0x04 Importing a Network
We have the model file, how do we import the Evil framework?
Just drag it into Xcode
A significant disadvantage of this method is that it will increase the size of the app, so we do not recommend using this method. But this will always give you the easiest and most straightforward way to do this during our debugging.
Runtime download
This doesn’t have any effect on the size of your app, but you’ll notice that you need to download model files at run time and code complexity increases, but the good news is that Evil provides very friendly support for this. All you need to do is save the model file on your server or CDN and configure the download path to Evil in the info.plist file to automatically configure your network model.
0x05 Using a Network
Everything is there, how to use it? Simply invoke the interfaces provided by Evil as outlined in steps 1-5. For example,
// 1. Use Evil built-in model to identify ID number
lazy var evil = try? Evil(recognizer: .chineseIDCard)
let image: Recognizable=...let cardNumber = self.evil? .recognize(image)print(cardNumber)
Copy the code
// 2. Use custom models
let url: URL=...let evil = try? Evil(contentsOf: url, name: "demo")
let ciimage = CIImage(cvPixelBuffer: pixelBuffer).oriented(orientation)

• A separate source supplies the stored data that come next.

lemma length_gauge_join:
  assumes ab: "length_gauge a b \<phi> m" and bc: "length_gauge b c \<phi> m"
  shows "length_gauge a c \<phi> m"
  unfolding length_gauge_def
proof (intro allI impI)
  fix s t assume st: "a \<le> s" "s \<le> t" "t \<le> c"
  show "l1 (m t - m s) \<le> \<phi> t - \<phi> s \<and> \<phi> t - \<phi> s \<le> t - s"
  proof (cases "t \<le> b")
    case True
    then show ?thesis using length_gaugeD[OF ab] st by auto
  next
    case t: False
    show ?thesis
    proof (cases "b \<le> s")
      case True
      then show ?thesis using length_gaugeD[OF bc] st by auto
    next
      case False
      then have "l1 (m b - m s) \<le> \<phi> b - \<phi> s" "\<phi> b - \<phi> s \<le> b - s"
        "l1 (m t - m b) \<le> \<phi> t - \<phi> b" "\<phi> t - \<phi> b \<le> t - b"
        using length_gaugeD[OF ab, of s b] length_gaugeD[OF bc, of b t] st t by auto
      then show ?thesis using l1_diff_le[of "m t" "m s" "m b"] by linarith
    qed
  qed
qed

lemma length_gauge_cong:
  assumes "length_gauge a b \<phi> m"
    and "\<And>t. a \<le> t \<Longrightarrow> t \<le> b \<Longrightarrow> \<phi>' t = \<phi> t"
    and "\<And>t. a \<le> t \<Longrightarrow> t \<le> b \<Longrightarrow> m' t = m t"
  shows "length_gauge a b \<phi>' m'"
  unfolding length_gauge_def
proof (intro allI impI)
  fix s t assume st: "a \<le> s" "s \<le> t" "t \<le> b"
  then have "\<phi>' s = \<phi> s" "\<phi>' t = \<phi> t" "m' s = m s" "m' t = m t"
    using assms(2,3) by auto
  then show "l1 (m' t - m' s) \<le> \<phi>' t - \<phi>' s \<and> \<phi>' t - \<phi>' s \<le> t - s"
    using length_gaugeD[OF assms(1) st] by simp
qed

lemma length_gauge_segment:
  assumes ab: "a < b" and speed: "l1 (Q - P) \<le> b - a"
    and m: "\<And>t. a \<le> t \<Longrightarrow> t \<le> b \<Longrightarrow> m t = P + ((t - a) / (b - a)) *\<^sub>R (Q - P)"
    and \<phi>: "\<And>t. a \<le> t \<Longrightarrow> t \<le> b \<Longrightarrow> \<phi> t = c + ((t - a) / (b - a)) * l1 (Q - P)"
  shows "length_gauge a b \<phi> m"
  unfolding length_gauge_def
proof (intro allI impI)
  fix s t assume st: "a \<le> s" "s \<le> t" "t \<le> b"
  define u where "u = (t - s) / (b - a)"
  have u: "0 \<le> u" using st ab by (simp add: u_def)
  have "m t - m s = u *\<^sub>R (Q - P)"
    using m[of t] m[of s] st by (simp add: u_def diff_divide_distrib scaleR_diff_left)
  moreover have "\<phi> t - \<phi> s = u * l1 (Q - P)"
    using \<phi>[of t] \<phi>[of s] st by (simp add: u_def diff_divide_distrib left_diff_distrib)
  moreover have "u * l1 (Q - P) \<le> u * (b - a)"
    using speed u by (rule mult_left_mono)
  moreover have "u * (b - a) = t - s"
    using ab by (simp add: u_def)
  ultimately show "l1 (m t - m s) \<le> \<phi> t - \<phi> s \<and> \<phi> t - \<phi> s \<le> t - s"
    using u by (simp add: l1_scaleR)
qed

lemma length_gauge_lipschitz:
  assumes "length_gauge a b \<phi> m" "s \<in> {a..b}" "t \<in> {a..b}"
  shows "l1 (m s - m t) \<le> \<bar>s - t\<bar>"
proof (cases "s \<le> t")
  case True
  then show ?thesis
    using length_gaugeD[OF assms(1), of s t] assms(2,3) by (simp add: l1_minus_commute)
next
  case False
  then show ?thesis
    using length_gaugeD[OF assms(1), of t s] assms(2,3) by simp
qed

lemma trajectory_length_gauge:
  assumes "trajectory t0 t1 m"
  shows "length_gauge t0 t1 (\<lambda>t. t) m"
  unfolding length_gauge_def
proof (intro allI impI)
  fix s t assume st: "t0 \<le> s" "s \<le> t" "t \<le> t1"
  have "\<forall>s\<in>{t0..t1}. \<forall>t\<in>{t0..t1}. l1 (m s - m t) \<le> \<bar>s - t\<bar>"
    using assms by (simp add: trajectory_def)
  moreover have "t \<in> {t0..t1}" "s \<in> {t0..t1}"
    using st by auto
  ultimately have "l1 (m t - m s) \<le> \<bar>t - s\<bar>"
    by blast
  then show "l1 (m t - m s) \<le> t - s \<and> t - s \<le> t - s"
    using st by simp
qed

definition partition_len :: "(real \<Rightarrow> pt) \<Rightarrow> real list \<Rightarrow> real" where
  "partition_len m ts = (\<Sum>i<length ts - 1. l1 (m (ts ! Suc i) - m (ts ! i)))"
lemma min_crossing_image:
  assumes inj: "inj_on h S" and cross: "\<And>s t. s \<in> S \<Longrightarrow> t \<in> S \<Longrightarrow> crosses (h t) (h s) \<longleftrightarrow> crosses t s"
  shows "{s \<in> h ` S. \<forall>t\<in>h ` S. card_le (crossing_set (h ` S) s) (crossing_set (h ` S) t)}
    = h ` {s \<in> S. \<forall>t\<in>S. card_le (crossing_set S s) (crossing_set S t)}"
proof -
  have key: "card_le (crossing_set (h ` S) (h s)) (crossing_set (h ` S) (h t))
      \<longleftrightarrow> card_le (crossing_set S s) (crossing_set S t)" if "s \<in> S" "t \<in> S" for s t
  proof -
    have "inj_on h (crossing_set S s \<union> crossing_set S t)"
      using inj by (rule inj_on_subset) (auto simp: crossing_set_def)
    then show ?thesis
      using card_le_image_iff crossing_set_image[OF cross] that by metis
  qed
  have "{s \<in> h ` S. \<forall>t\<in>h ` S. card_le (crossing_set (h ` S) s) (crossing_set (h ` S) t)}
      = h ` {s \<in> S. \<forall>t\<in>h ` S. card_le (crossing_set (h ` S) (h s)) (crossing_set (h ` S) t)}"
    by blast
  also have "\<dots> = h ` {s \<in> S. \<forall>t\<in>S. card_le (crossing_set S s) (crossing_set S t)}"
    using key by (intro arg_cong[where f = "image h"] Collect_cong) blast
  finally show ?thesis .
qed

lemma R_lc_Collect: "R_lc V E \<kappa> \<P> = {s. is_sep V E s \<and> (sep_ord s < \<infinity> \<and> sep_ord s \<le> \<kappa> \<and>
    distinguishes_some \<P> s \<and> left_connected E s)}"
  by (auto simp: R_lc_def R_def)

locale graph_isomorphism =
  fixes f :: "'a \<Rightarrow> 'b" and V :: "'a set" and E and V' :: "'b set" and E'
  assumes iso: "graph_iso f V E V' E'"
begin

abbreviation "subset_pairs \<equiv> {s. fst s \<subseteq> V \<and> snd s \<subseteq> V}"
theorem mainTheorem8:
  fixes m :: nat and \<alpha> Rb :: real
    and E v :: "pt \<Rightarrow> real"
    and Dv :: "pt \<Rightarrow> pt \<Rightarrow>\<^sub>L real"
    and D2v :: "pt \<Rightarrow> pt \<Rightarrow>\<^sub>L (pt \<Rightarrow>\<^sub>L real)"
  assumes "m \<ge> 1" and "0 < \<alpha>" and "\<alpha> < 1"
    and "Rb > 1 / sqrt 2"
    and "C0a_star Rb m \<alpha> E"
    and "C2a_star Rb m \<alpha> v Dv D2v"
    and "\<forall>\<xi>\<in>Omega Rb. laplacian (D2v \<xi>) - blinfun_apply (Dv \<xi>) \<xi> + v \<xi> = E \<xi>"
    and "\<forall>\<xi>. norm \<xi> = Rb \<longrightarrow> v \<xi> = 0"
  shows "\<forall>\<xi>\<in>Omega Rb. \<bar>v \<xi>\<bar> \<le>
           ((SUP \<eta>\<in>Omega Rb. \<bar>E \<eta>\<bar> * norm \<eta>) / (2 * Rb^2 - 1)) * norm \<xi>"
proof -
  note Rb = assms(4) and CE = assms(5) and Cv = assms(6) and eqn = assms(7) and bd = assms(8)
  define S where "S = (SUP \<eta>\<in>Omega Rb. \<bar>E \<eta>\<bar> * norm \<eta>)"
  have R0: "0 < Rb" using Rb by (smt (verit) divide_pos_pos real_sqrt_gt_zero)
  have "(1 / sqrt 2)^2 < Rb^2" using Rb by (intro power_strict_mono) auto
  then have R2: "1 < 2 * Rb^2" by (simp add: power_divide)
  have wE: "wsup_fin Rb 1 E" using CE by (simp add: C0a_star_def)
  have S: "\<bar>E x\<bar> * norm x \<le> S" if "x \<in> Omega Rb" for x
    unfolding S_def using weighted_sup_bound[OF wE that] .
  have "(Rb, 0) \<in> Omega Rb" using R0 by (simp add: Omega_def norm_Pair)
  from S[OF this] have S0: "0 \<le> S" by (meson abs_ge_zero mult_nonneg_nonneg norm_ge_zero order_trans)
  obtain C where grow: "\<forall>x\<in>Omega Rb. \<bar>v x\<bar> \<le> C * norm x"
    using linear_growth[OF _ R0] Cv by (auto simp: C2a_star_def)
  have "\<forall>x. Rb < norm x \<longrightarrow> \<bar>laplacian (D2v x) - Dv x x + v x\<bar> \<le> S / norm x"
  proof (intro allI impI)
    fix x :: pt assume "Rb < norm x"
    then have x: "x \<in> Omega Rb" "0 < norm x" using R0 by (simp_all add: Omega_def del: zero_less_norm_iff)
    then show "\<bar>laplacian (D2v x) - Dv x x + v x\<bar> \<le> S / norm x"
      using eqn S[OF x(1)] by (simp add: pos_le_divide_eq)
  qed
  with exterior_max_principle_abs[OF R0 R2 S0 _ _ C2a_star_continuous[OF Cv] grow bd]
  show ?thesis unfolding S_def using C2a_star_interior_derivatives[OF Cv] by blast
qed

end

if let numbers = ciimage.preprocessor
// Perspective correction
.perspectiveCorrection(boundingBox: observation.boundingBox,
topLeft: observation.topLeft,
topRight: observation.topRight,
bottomLeft: observation.bottomLeft,
bottomRight: observation.bottomRight)
.mapValue({Value($0.image.oriented(orientation), $0.bounds)})
// Make sure your id card faces up
.correctionByFace()
// Intercept the number area
.cropChineseIDCardNumberArea()
// Preprocessing gaussian blur etc
.process()
// Split text
.divideText()
// Simple verification.value? .map({$0.image }), numbers.count= =18 {
if let result = try? self.evil? .prediction(numbers) {if letcardnumber = result? .flatMap({ $0 }).joined() {
DispatchQueue.main.async {
self.tipLabel.text = cardnumber
}
}
}
}
Copy the code
conclusion
Good, good advertising is here, welcome to ridicule, welcome to star fork, welcome to all pr, welcome to contribute your own training model. Writing for the first time in nuggets thanks for your support.